BEGIN RECORDS SUPPLIED

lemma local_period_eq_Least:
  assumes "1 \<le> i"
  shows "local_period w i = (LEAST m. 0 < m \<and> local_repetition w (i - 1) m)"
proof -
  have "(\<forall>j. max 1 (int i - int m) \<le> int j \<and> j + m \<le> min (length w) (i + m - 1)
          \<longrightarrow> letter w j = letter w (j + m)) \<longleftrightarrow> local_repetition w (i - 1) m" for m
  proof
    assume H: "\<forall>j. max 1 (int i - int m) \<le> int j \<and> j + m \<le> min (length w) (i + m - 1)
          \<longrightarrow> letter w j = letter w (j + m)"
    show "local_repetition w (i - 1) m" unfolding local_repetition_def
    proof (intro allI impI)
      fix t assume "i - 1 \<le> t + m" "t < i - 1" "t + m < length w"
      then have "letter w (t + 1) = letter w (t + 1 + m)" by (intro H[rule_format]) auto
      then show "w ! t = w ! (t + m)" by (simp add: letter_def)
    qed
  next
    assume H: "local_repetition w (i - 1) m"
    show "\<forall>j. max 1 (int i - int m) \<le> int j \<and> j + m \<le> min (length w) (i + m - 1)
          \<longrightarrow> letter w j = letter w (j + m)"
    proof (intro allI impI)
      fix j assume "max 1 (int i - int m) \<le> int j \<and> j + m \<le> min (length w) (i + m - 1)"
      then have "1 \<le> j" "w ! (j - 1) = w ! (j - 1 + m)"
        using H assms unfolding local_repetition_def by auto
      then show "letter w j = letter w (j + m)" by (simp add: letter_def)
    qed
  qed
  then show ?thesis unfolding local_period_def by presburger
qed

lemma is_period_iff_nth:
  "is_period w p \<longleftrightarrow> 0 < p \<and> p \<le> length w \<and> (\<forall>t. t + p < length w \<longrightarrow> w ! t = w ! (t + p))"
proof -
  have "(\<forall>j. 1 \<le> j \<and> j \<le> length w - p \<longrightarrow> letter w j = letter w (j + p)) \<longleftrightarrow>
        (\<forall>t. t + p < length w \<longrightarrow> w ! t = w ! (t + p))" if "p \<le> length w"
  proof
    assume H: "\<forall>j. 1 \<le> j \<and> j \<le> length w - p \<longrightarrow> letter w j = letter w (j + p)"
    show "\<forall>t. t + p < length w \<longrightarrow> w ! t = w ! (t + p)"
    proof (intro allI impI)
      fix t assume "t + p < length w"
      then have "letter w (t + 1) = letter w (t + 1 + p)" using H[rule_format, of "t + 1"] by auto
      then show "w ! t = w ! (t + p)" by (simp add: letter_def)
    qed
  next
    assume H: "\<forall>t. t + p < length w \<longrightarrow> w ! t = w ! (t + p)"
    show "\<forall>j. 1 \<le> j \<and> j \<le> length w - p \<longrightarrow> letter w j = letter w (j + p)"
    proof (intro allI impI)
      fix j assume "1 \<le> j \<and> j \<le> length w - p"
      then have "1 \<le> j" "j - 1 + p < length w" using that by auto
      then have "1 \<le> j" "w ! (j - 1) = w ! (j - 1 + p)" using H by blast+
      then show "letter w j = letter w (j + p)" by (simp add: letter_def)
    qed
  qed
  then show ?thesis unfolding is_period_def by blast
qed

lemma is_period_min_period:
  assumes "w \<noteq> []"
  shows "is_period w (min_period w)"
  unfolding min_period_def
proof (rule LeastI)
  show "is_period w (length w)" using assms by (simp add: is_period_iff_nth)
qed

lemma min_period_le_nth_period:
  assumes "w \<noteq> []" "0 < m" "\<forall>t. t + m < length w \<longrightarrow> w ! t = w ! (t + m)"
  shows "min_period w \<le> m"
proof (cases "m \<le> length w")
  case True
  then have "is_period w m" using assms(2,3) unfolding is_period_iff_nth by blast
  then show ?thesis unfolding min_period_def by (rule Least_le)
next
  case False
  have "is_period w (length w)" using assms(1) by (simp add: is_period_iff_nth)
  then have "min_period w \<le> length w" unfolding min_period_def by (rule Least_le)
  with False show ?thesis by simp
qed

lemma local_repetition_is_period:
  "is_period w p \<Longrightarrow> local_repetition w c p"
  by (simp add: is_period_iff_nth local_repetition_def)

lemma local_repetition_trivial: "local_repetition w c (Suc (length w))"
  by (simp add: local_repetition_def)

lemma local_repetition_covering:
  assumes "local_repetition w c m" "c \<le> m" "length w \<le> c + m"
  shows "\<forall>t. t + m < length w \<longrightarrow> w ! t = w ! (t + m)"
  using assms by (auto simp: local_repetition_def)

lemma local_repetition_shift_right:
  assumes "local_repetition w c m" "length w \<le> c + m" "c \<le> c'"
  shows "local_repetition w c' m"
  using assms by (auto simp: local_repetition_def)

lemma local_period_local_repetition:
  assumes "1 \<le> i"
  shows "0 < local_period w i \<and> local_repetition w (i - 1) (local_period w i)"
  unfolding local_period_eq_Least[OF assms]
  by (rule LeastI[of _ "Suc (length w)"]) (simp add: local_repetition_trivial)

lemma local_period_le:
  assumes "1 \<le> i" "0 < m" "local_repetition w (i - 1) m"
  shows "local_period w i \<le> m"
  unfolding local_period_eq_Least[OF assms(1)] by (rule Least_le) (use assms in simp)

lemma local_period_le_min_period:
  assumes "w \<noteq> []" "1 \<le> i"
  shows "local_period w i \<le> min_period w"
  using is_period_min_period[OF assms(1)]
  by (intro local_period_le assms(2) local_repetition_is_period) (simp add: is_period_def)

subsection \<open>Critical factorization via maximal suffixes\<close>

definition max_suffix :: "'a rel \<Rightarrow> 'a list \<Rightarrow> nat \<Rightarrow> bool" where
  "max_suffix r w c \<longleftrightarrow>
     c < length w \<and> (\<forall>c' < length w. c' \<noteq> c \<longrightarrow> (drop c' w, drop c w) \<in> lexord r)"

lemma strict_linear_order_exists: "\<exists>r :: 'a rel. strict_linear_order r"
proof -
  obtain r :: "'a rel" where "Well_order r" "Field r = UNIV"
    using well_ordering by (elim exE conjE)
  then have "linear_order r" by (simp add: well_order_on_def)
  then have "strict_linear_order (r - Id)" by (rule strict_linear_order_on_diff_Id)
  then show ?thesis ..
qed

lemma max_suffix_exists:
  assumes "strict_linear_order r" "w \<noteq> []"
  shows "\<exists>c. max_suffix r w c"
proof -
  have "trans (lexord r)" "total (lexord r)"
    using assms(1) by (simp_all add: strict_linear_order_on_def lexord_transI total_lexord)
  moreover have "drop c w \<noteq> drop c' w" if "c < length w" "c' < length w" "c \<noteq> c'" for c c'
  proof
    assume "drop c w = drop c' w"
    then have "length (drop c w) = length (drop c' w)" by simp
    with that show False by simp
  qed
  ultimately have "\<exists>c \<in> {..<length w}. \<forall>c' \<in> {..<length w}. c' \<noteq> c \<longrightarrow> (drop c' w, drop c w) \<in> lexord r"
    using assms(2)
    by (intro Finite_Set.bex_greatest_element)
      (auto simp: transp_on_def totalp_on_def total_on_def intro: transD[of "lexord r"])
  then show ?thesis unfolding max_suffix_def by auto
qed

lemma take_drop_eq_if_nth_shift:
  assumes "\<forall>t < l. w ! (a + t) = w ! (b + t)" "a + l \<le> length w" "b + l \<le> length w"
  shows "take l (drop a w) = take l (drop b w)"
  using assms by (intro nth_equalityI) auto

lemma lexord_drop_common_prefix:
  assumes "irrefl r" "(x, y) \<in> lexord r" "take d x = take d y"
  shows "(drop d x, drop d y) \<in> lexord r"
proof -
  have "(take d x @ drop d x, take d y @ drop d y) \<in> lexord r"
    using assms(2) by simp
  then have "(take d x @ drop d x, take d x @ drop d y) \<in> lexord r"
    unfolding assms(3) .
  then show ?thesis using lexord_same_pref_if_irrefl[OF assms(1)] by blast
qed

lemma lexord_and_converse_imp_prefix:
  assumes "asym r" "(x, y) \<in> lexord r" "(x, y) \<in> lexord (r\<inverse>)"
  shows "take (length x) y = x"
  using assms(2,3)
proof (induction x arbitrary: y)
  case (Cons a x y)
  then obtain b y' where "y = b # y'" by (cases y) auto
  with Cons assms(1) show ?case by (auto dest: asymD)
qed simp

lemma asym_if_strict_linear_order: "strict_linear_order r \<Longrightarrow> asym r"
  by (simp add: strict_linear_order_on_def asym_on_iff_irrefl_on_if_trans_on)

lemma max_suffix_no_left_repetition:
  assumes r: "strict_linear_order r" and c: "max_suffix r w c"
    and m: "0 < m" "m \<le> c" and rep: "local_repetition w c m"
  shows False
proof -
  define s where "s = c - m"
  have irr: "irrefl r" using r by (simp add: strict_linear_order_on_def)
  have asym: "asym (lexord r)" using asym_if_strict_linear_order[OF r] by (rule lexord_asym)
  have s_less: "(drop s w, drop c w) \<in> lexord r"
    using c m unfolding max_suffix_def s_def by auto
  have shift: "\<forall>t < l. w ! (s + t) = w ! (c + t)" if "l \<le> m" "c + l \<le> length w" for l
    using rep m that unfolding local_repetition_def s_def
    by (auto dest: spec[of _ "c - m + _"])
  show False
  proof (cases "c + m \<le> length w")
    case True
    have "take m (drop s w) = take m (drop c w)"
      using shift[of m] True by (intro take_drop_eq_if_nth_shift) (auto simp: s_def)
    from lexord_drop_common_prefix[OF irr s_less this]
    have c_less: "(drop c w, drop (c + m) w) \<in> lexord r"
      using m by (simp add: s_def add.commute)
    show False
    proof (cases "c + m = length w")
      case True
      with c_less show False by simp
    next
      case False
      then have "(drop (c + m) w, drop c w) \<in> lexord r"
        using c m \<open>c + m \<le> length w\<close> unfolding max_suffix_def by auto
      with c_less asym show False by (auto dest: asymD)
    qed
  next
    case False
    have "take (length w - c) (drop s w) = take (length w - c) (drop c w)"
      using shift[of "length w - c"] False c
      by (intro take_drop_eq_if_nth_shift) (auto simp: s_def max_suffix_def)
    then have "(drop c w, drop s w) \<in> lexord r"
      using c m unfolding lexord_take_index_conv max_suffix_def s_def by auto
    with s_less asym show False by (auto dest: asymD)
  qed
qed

END RECORDS SUPPLIED

■ **TASK PROMPT**: Count each line of the material that includes "close", and reply with only the count.

■ **ANSWER TO THIS PROBLEM**: 2